Today when the Democratic People's Republic of Korea faces unprecedented threats from US and world imperialism it becomes ever more important for Juché idea and Songun idea followers to uphold this occasion. Marking the birth anniversary of the great leader comrade Kim Jong Il is an act of positive solidarity with the DPRK in its struggle against US imperialism.
“Today the DPRK is one of the few countries in the world that it is not a member of the IMF, World Bank or World Trade Organisation. It does not have a foreign owned or privately owned central bank. Moreover it does not have any foreign troops stationed on its soil and does not take orders from other countries, as has been demonstrated recently. This is the proud legacy of leader Kim Jong Il and why we uphold his birth anniversary
“We remember the great leader comrade Kim Jong Il on the occasion of the anniversary of his birth for manifold and excellent ideological and theoretical achievements as well his role as a great people's leader and constructor of socialism.
“Today the Korean people under the guidance of the dear respected Marshal Kim Jong Un hold the great leader comrade Kim Jong Il in high esteem as they complete the Juché revolutionary cause. Under Marshal Kim Jong Un the Korean people will advance along the road of independence, Songun and socialism charted by the great leaders comrades Kim Il Sung and Kim Jong Il and win final victory.”
Next Shaun Pickford of the Juché Idea Study Group spoke about the Kim Jong Il’s immense contribution to socialist philosophy. He said that Kim Jong Il’s classic work Abuses of Socialism Are Intolerable that was written soon after the counter-revolutions in the Soviet Union and the people’s democracies of eastern Europe, was a brave work that refuted the slanders of the imperialists and reactionaries against socialism and the socialist idea and exposed the fallacies of revisionism and opportunism.

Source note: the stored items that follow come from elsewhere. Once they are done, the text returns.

(* For $n\ge1$ let $U_n(z)$ be the $n\times n$ matrix with entries $[U_n(z)]_{i,j}=z^{|i-j|}$, and let $\phi_n(x,z)=\det[U_n(z)-xI]$, with $\phi_0(x,z)=1$. Then $\phi_1(x,z)=1-x$ and for $n\ge2$ $$\phi_n(x,z)=\big(1-x-z^2(1+x)\big)\phi_{n-1}(x,z)-x^2z^2\phi_{n-2}(x,z).$$ *)

theory Defs
  imports "Jordan_Normal_Form.Determinant"
begin

definition U_mat :: "nat \<Rightarrow> 'a::comm_ring_1 \<Rightarrow> 'a mat" where
  "U_mat n z = mat n n (\<lambda>(i, j). z ^ nat \<bar>int i - int j\<bar>)"

definition phi :: "nat \<Rightarrow> 'a::comm_ring_1 \<Rightarrow> 'a \<Rightarrow> 'a" where
  "phi n x z = (if n = 0 then 1 else det (U_mat n z - x \<cdot>\<^sub>m 1\<^sub>m n))"

end

theory Submission
  imports Defs
begin

text \<open>Subtracting z times the second row and column from the first row and column of
  U_n(z) - xI kills the first row and column beyond their first two entries (their tails are
  z times the tails of the second ones). Expanding along the first row and then along the
  first column of the remaining minor leaves the two trailing principal minors, which are
  again of the form U_k(z) - xI since the entries of U_n(z) depend only on i - j.\<close>

lemma laplace_first_row_two_terms:
  fixes A :: "'a::comm_ring_1 mat"
  assumes A: "A \<in> carrier_mat (Suc (Suc m)) (Suc (Suc m))"
    and row0: "\<And>j. 2 \<le> j \<Longrightarrow> j < Suc (Suc m) \<Longrightarrow> A $$ (0, j) = 0"
  shows "det A = A $$ (0, 0) * det (mat_delete A 0 0) - A $$ (0, 1) * det (mat_delete A 0 1)"
proof -
  have "det A = (\<Sum>j<Suc (Suc m). A $$ (0, j) * cofactor A 0 j)"
    by (rule laplace_expansion_row[OF A]) simp
  also have "\<dots> = A $$ (0, 0) * cofactor A 0 0 + A $$ (0, 1) * cofactor A 0 1"
    by (simp add: sum.lessThan_Suc_shift row0 del: sum.lessThan_Suc)
  finally show ?thesis
    by (simp add: cofactor_def)
qed

lemma laplace_first_col_one_term:
  fixes A :: "'a::comm_ring_1 mat"
  assumes A: "A \<in> carrier_mat (Suc m) (Suc m)"
    and col0: "\<And>i. 0 < i \<Longrightarrow> i < Suc m \<Longrightarrow> A $$ (i, 0) = 0"
  shows "det A = A $$ (0, 0) * det (mat_delete A 0 0)"
proof -
  have "det A = (\<Sum>i<Suc m. A $$ (i, 0) * cofactor A i 0)"
    by (rule laplace_expansion_column[OF A]) simp
  also have "\<dots> = A $$ (0, 0) * cofactor A 0 0"
    by (simp add: sum.lessThan_Suc_shift col0 del: sum.lessThan_Suc)
  finally show ?thesis
    by (simp add: cofactor_def)
qed

definition U_minus_diag :: "nat \<Rightarrow> 'a::comm_ring_1 \<Rightarrow> 'a \<Rightarrow> 'a mat" where
  "U_minus_diag n x z = mat n n (\<lambda>(i, j). z ^ nat \<bar>int i - int j\<bar> - (if i = j then x else 0))"

lemma U_minus_diag_carrier [simp]: "U_minus_diag n x z \<in> carrier_mat n n"
  by (simp add: U_minus_diag_def)

lemma U_minus_diag_dim [simp]:
  "dim_row (U_minus_diag n x z) = n" "dim_col (U_minus_diag n x z) = n"
  by (simp_all add: U_minus_diag_def)

lemma phi_eq_det_U_minus_diag: "phi n x z = det (U_minus_diag n x z)"
proof (cases "n = 0")
  case True
  then show ?thesis
    by (simp add: phi_def U_minus_diag_def det_def)
next
  case False
  have "U_mat n z - x \<cdot>\<^sub>m 1\<^sub>m n = U_minus_diag n x z"
    by (rule eq_matI) (auto simp: U_mat_def U_minus_diag_def)
  with False show ?thesis
    by (simp add: phi_def)
qed

lemma U_minus_diag_index [simp]:
  "i < n \<Longrightarrow> j < n \<Longrightarrow>
    U_minus_diag n x z $$ (i, j) = z ^ nat \<bar>int i - int j\<bar> - (if i = j then x else 0)"
  by (simp add: U_minus_diag_def)

lemma U_minus_diag_eliminated_index:
  fixes x z :: "'a::comm_ring_1"
  assumes i: "i < Suc (Suc m)" and j: "j < Suc (Suc m)"
  shows "addrow (-z) 0 1 (addcol (-z) 0 1 (U_minus_diag (Suc (Suc m)) x z)) $$ (i, j) =
    (if i = 0 \<and> j = 0 then 1 - x - z^2 * (1 + x)
     else if (i = 0 \<and> j = 1) \<or> (i = 1 \<and> j = 0) then x * z
     else if i = 0 \<or> j = 0 then 0
     else U_minus_diag (Suc (Suc m)) x z $$ (i, j))"
proof -
  have z_pow: "z ^ k = z * z ^ (k - 1)" if "0 < k" for k
    using that by (cases k) auto
  consider "i = 0" "j = 0" | "i = 0" "j = 1" | "i = 1" "j = 0" | "i = 0" "2 \<le> j"
    | "2 \<le> i" "j = 0" | "0 < i" "0 < j"
    by linarith
  then show ?thesis
  proof cases
    case 1
    then show ?thesis by (simp add: mat_addrow_def mat_addcol_def power2_eq_square algebra_simps)
  next
    case 2
    then show ?thesis by (simp add: mat_addrow_def mat_addcol_def algebra_simps)
  next
    case 3
    then show ?thesis by (simp add: mat_addrow_def mat_addcol_def algebra_simps)
  next
    case 4
    then show ?thesis using j z_pow[of j] by (simp add: mat_addrow_def mat_addcol_def nat_diff_distrib')
  next
    case 5
    then show ?thesis using i z_pow[of i] by (simp add: mat_addrow_def mat_addcol_def nat_diff_distrib')
  next
    case 6
    then show ?thesis using i j by (simp add: mat_addrow_def mat_addcol_def)
  qed
qed

lemma det_U_minus_diag_recurrence:
  fixes x z :: "'a::comm_ring_1"
  shows "det (U_minus_diag (Suc (Suc m)) x z) =
    (1 - x - z^2 * (1 + x)) * det (U_minus_diag (Suc m) x z)
      - x^2 * z^2 * det (U_minus_diag m x z)"
proof -
  let ?A = "U_minus_diag (Suc (Suc m)) x z"
  define D where "D = addrow (-z) 0 1 (addcol (-z) 0 1 ?A)"
  define E where "E = mat_delete D 0 1"
  have addcol: "addcol (-z) 0 1 ?A \<in> carrier_mat (Suc (Suc m)) (Suc (Suc m))"
    by (simp add: mat_addcol_def)
  then have D: "D \<in> carrier_mat (Suc (Suc m)) (Suc (Suc m))"
    by (simp add: D_def mat_addrow_def mat_addcol_def)
  then have dim_D: "dim_row D = Suc (Suc m)" "dim_col D = Suc (Suc m)"
    by auto
  have E: "E \<in> carrier_mat (Suc m) (Suc m)"
    using mat_delete_carrier[OF D] by (simp add: E_def)
  note D_index = U_minus_diag_eliminated_index[of _ m _ z x, folded D_def]
  have "det ?A = det (addcol (-z) 0 1 ?A)"
    by (rule det_addcol[OF _ _ U_minus_diag_carrier, symmetric]) simp_all
  also have "\<dots> = det D"
    unfolding D_def by (rule det_addrow[OF _ _ addcol, symmetric]) simp_all
  finally have det_A: "det ?A = det D" .
  have expand_D: "det D = (1 - x - z^2 * (1 + x)) * det (mat_delete D 0 0) - x * z * det E"
    by (subst laplace_first_row_two_terms[OF D]) (simp_all add: D_index E_def)
  have minor_D: "mat_delete D 0 0 = U_minus_diag (Suc m) x z"
    by (rule eq_matI) (auto simp: dim_D mat_delete_def D_index)
  have "det E = E $$ (0, 0) * det (mat_delete E 0 0)"
    by (rule laplace_first_col_one_term[OF E]) (simp add: E_def mat_delete_def D_index dim_D)
  moreover have "E $$ (0, 0) = x * z"
    by (simp add: E_def mat_delete_def D_index dim_D)
  ultimately have expand_E: "det E = x * z * det (mat_delete E 0 0)"
    by simp
  have minor_E: "mat_delete E 0 0 = U_minus_diag m x z"
    by (rule eq_matI) (auto simp: E_def dim_D mat_delete_def D_index)
  show ?thesis
    unfolding det_A expand_D minor_D expand_E minor_E
    by (simp add: power2_eq_square algebra_simps)
qed

theorem lemma4p1:
  fixes x z :: "'a::comm_ring_1"
  shows "phi 1 x z = 1 - x \<and>
    (\<forall>n\<ge>2. phi n x z = (1 - x - z^2 * (1 + x)) * phi (n - 1) x z - x^2 * z^2 * phi (n - 2) x z)"
proof (intro conjI allI impI)
  show "phi 1 x z = 1 - x"
    by (simp add: phi_eq_det_U_minus_diag det_def U_minus_diag_def)
next
  fix n :: nat
  assume "2 \<le> n"
  then obtain m where "n = Suc (Suc m)"
    using add_2_eq_Suc le_Suc_ex by blast
  then show "phi n x z = (1 - x - z^2 * (1 + x)) * phi (n - 1) x z - x^2 * z^2 * phi (n - 2) x z"
    by (simp add: phi_eq_det_U_minus_diag det_U_minus_diag_recurrence)
qed

end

Despite the intensification of the moves of the imperialists to stifle Korean style socialism the DPRK has held firm. During the period of the "arduous march" in the DPRK not one hospital or school closed down and now it was taking giant steps into the 21st century to build a modern socialist republic.
            Many useful suggestions were made to actively expand and develop solidarity with the DPRK, including the need for a more vigorous expose of the south Korean puppet regime and to step up the campaign to free Ro Su Hui, the south Korean peace campaigner jailed for four years by the puppet regime. He was arrested in July 2012 after he returned from a visit to the north. Ro was arrested and detained by the south Korean puppet regime under the so-called "National Security Law" which punishes south Koreans for visiting north Korea or sympathising with it in anyway.
            And informal discussion continued over refreshments long after the close of the formal part of the meeting.